I have many data frames named repeatably:
df.1 <- data.frame("x"=c(1,2), "y"=2)
df.2 <- data.frame("x"=c(2,4), "y"=4)
df.3 <- data.frame("x"=2, "y"=c(4,5))
All data frames have the same number of rows and columns. I want to bind them, adding a column with the id of the data frame. The id would be the name of the source data frame.
I know I could do this manually:
rbind(data.frame(id = "df.1", df.1),
data.frame(id = "df.2", df.2),
data.frame(id = "df.3", df.3))
But there's a lot of them and their number will change in the future.

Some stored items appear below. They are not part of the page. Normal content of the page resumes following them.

lemma column_index_less: "i \<le> N \<Longrightarrow> m < d \<Longrightarrow> m * Suc N + i < Suc N * d"
proof -
  assume "i \<le> N" "m < d"
  then have "m * Suc N + i < Suc m * Suc N"
    by simp
  also have "\<dots> \<le> d * Suc N"
    using \<open>m < d\<close> by (intro mult_le_mono1) simp
  finally show ?thesis
    by (simp add: mult.commute)
qed

lemma approx_path_cong:
  assumes "\<forall>p < Suc N * d. W p = W' p"
  shows "approx_path f ps x y N d W = approx_path f ps x y N d W'"
proof -
  have column: "column N W i m = column N W' i m" if "i \<le> N" "m < d" for i m
    using assms column_index_less[OF that] unfolding column_def by simp
  have "clocked_eval f d (ps @ [column N W i, column N W (Suc i)]) xs
      = clocked_eval f d (ps @ [column N W' i, column N W' (Suc i)]) xs" if "i < N" for i xs
  proof (rule clocked_eval_use)
    fix k x
    assume "k < length (ps @ [column N W i, column N W (Suc i)])" "x < d"
    then show "((ps @ [column N W i, column N W (Suc i)]) ! k) x
        = ((ps @ [column N W' i, column N W' (Suc i)]) ! k) x"
      using column[of i x] column[of "Suc i" x] that by (auto simp: nth_append nth_Cons')
  qed simp
  with column show ?thesis
    unfolding approx_path_def by simp
qed

lemma approx_path_antimono:
  assumes "approx_path f ps x y N d' W" "d \<le> d'"
  shows "approx_path f ps x y N d W"
proof -
  have "clocked_eval f d os xs = None" if "clocked_eval f d' os xs = None" for os xs
    using clocked_eval_None_antimono[OF that assms(2)] .
  with assms show ?thesis
    unfolding approx_path_def by (meson less_le_trans)
qed

definition interleave :: "nat \<Rightarrow> (nat \<Rightarrow> cantor) \<Rightarrow> nat \<Rightarrow> bool" where
  "interleave N z p = z (p mod Suc N) (p div Suc N)"

lemma column_interleave:
  assumes "i \<le> N"
  shows "column N (interleave N z) i = z i"
proof
  fix m
  have "i < Suc N"
    using assms by simp
  then have "(m * Suc N + i) mod Suc N = i" "(m * Suc N + i) div Suc N = m"
    using div_mult_self3[of "Suc N" m i] by (simp_all only: mod_mult_self3) simp_all
  then show "column N (interleave N z) i m = z i m"
    unfolding column_def interleave_def by simp
qed

lemma approx_path_interleave:
  assumes "padded_path (\<lambda>u v j. \<not> halts (ps @ [u, v]) f [j]) x y N z"
  shows "approx_path f ps x y N d (interleave N z)"
  unfolding approx_path_def
proof (intro conjI allI impI)
  fix m
  show "column N (interleave N z) 0 m = x m" "column N (interleave N z) N m = y m"
    using assms by (simp_all add: padded_path_def column_interleave)
next
  fix i
  assume "i < N"
  with assms have "z i = z (Suc i) \<or> (\<exists>j<Suc N. \<not> halts (ps @ [z i, z (Suc i)]) f [j])"
    unfolding padded_path_def by blast
  with \<open>i < N\<close> show "(\<forall>m<d. column N (interleave N z) i m = column N (interleave N z) (Suc i) m)
    \<or> (\<exists>j<Suc N. clocked_eval f d
      (ps @ [column N (interleave N z) i, column N (interleave N z) (Suc i)]) [j] = None)"
    by (auto simp: column_interleave halts_iff_clocked_eval)
qed

lemma approx_paths_limit:
  assumes "\<forall>d. \<exists>W. approx_path f ps x y N d W"
  shows "\<exists>W. \<forall>d. approx_path f ps x y N d W"
proof -
  \<comment> \<open>Koenig's lemma counts bits; the test of depth \<open>d\<close> reads \<open>Suc N * d\<close> of them.\<close>
  have "\<exists>W. \<forall>L. approx_path f ps x y N (L div Suc N) W"
  proof (rule koenig_lemma)
    show "approx_path f ps x y N (L div Suc N) W"
      if "approx_path f ps x y N (L' div Suc N) W" "L \<le> L'" for L L' W
      using that by (elim approx_path_antimono) (simp add: div_le_mono)
    show "approx_path f ps x y N (L div Suc N) W'"
      if "\<forall>p<L. W p = W' p" "approx_path f ps x y N (L div Suc N) W" for L W W'
    proof -
      have "Suc N * (L div Suc N) \<le> L"
        by (metis div_times_less_eq_dividend mult.commute)
      with that show ?thesis
        using approx_path_cong[of N "L div Suc N" W W'] by simp
    qed
    show "\<exists>W. approx_path f ps x y N (L div Suc N) W" for L
      using assms by blast
  qed
  then obtain W where W: "\<forall>L. approx_path f ps x y N (L div Suc N) W"
    by blast
  have "approx_path f ps x y N d W" for d
  proof -
    have "d * Suc N div Suc N = d"
      by (rule div_mult_self_is_m) simp
    with W show ?thesis
      by metis
  qed
  then show ?thesis
    by blast
qed

lemma padded_path_if_approx_paths:
  assumes "\<forall>d. \<exists>W. approx_path f ps x y N d W"
  shows "\<exists>z. padded_path (\<lambda>u v j. \<not> halts (ps @ [u, v]) f [j]) x y N z"
proof -
  obtain W where W: "approx_path f ps x y N d W" for d
    using approx_paths_limit[OF assms] by blast
  define z where "z = column N W"
  have "z 0 = x" "z N = y"
    using W[of "Suc _"] unfolding approx_path_def z_def by (auto simp: fun_eq_iff)
  moreover have "\<exists>j<Suc N. \<not> halts (ps @ [z i, z (Suc i)]) f [j]"
    if i: "i < N" and differ: "z i \<noteq> z (Suc i)" for i
  proof -
    obtain m where m: "z i m \<noteq> z (Suc i) m"
      using differ by blast
    have "\<exists>j<Suc N. clocked_eval f t (ps @ [z i, z (Suc i)]) [j] = None" for t
    proof -
      have "m < max t (Suc m)"
        by simp
      with m have "\<not> (\<forall>m'<max t (Suc m). z i m' = z (Suc i) m')"
        by blast
      with W[of "max t (Suc m)"] i obtain j where
        "j < Suc N" "clocked_eval f (max t (Suc m)) (ps @ [z i, z (Suc i)]) [j] = None"
        unfolding approx_path_def z_def by blast
      then show ?thesis
        using clocked_eval_None_antimono[of f "max t (Suc m)" _ "[j]" t] by auto
    qed
    then show ?thesis
      by (simp add: ex_not_halts_iff_clocked_eval)
  qed
  ultimately show ?thesis
    unfolding padded_path_def by blast
qed

lemma padded_path_iff_approx_paths:
  "(\<exists>z. padded_path (\<lambda>u v j. \<not> halts (ps @ [u, v]) f [j]) x y N z)
    \<longleftrightarrow> (\<forall>d. \<exists>e<(2::nat) ^ (Suc N * d). approx_path f ps x y N d (bit e))"
proof
  assume "\<exists>z. padded_path (\<lambda>u v j. \<not> halts (ps @ [u, v]) f [j]) x y N z"
  then obtain z where z: "approx_path f ps x y N d (interleave N z)" for d
    using approx_path_interleave by blast
  show "\<forall>d. \<exists>e<(2::nat) ^ (Suc N * d). approx_path f ps x y N d (bit e)"
  proof
    fix d
    obtain e :: nat where e: "e < 2 ^ (Suc N * d)" and bits: "\<forall>p<Suc N * d. bit e p = interleave N z p"
      using ex_bits_eq[of "Suc N * d" "interleave N z"] by blast
    have "approx_path f ps x y N d (bit e)"
      using z[of d] approx_path_cong[OF bits] by simp
    with e show "\<exists>e<(2::nat) ^ (Suc N * d). approx_path f ps x y N d (bit e)"
      by blast
  qed
next
  assume "\<forall>d. \<exists>e<(2::nat) ^ (Suc N * d). approx_path f ps x y N d (bit e)"
  then show "\<exists>z. padded_path (\<lambda>u v j. \<not> halts (ps @ [u, v]) f [j]) x y N z"
    by (intro padded_path_if_approx_paths) blast
qed

section \<open>Connectedness relations of \<Sigma>^0_2 graphs are \<Sigma>^0_2\<close>

lemma decidable_column_bit:
  assumes "computable m k N" "computable m k E" "computable m k I" "computable m k M"
  shows "decidable m k (\<lambda>os xs. column (N os xs) (bit (E os xs)) (I os xs) (M os xs))"
  unfolding column_def by (intro decidable_bit computable_add computable_mult computable_Suc assms)

text \<open>For \<open>env = [e, i, N]\<close>: the parameters followed by the columns \<open>i\<close> and \<open>i + 1\<close> of the
  bits of \<open>e\<close>.\<close>

definition column_oracles :: "nat \<Rightarrow> cantor list \<Rightarrow> nat list \<Rightarrow> cantor list" where
  "column_oracles lp os env = take lp os @
    [column (env ! 2) (bit (env ! 0)) (env ! 1), column (env ! 2) (bit (env ! 0)) (Suc (env ! 1))]"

I tried writing for loops but they didn't work. I suppose that's because I'm basing them on a list of strings containing data frames' names rather than a list of data frames themselves.
df_names <- ls(pattern = "df.\\d+")
for (i in df_names) {
i$id <- i
i
}
...but I also haven't found any automated way of creating a list of data frames with repeatable names. And even if I do, I'm not that sure the for-loop above would work :)
When column-binding, rows are matched by position, so all data frames must have the same number of rows. To match by value, not position, see mutate-joins. Data frame identifier. When .id is supplied, a new column of identifiers is created to link each row to its original data frame. The labels are taken from the named arguments to bind_rows ().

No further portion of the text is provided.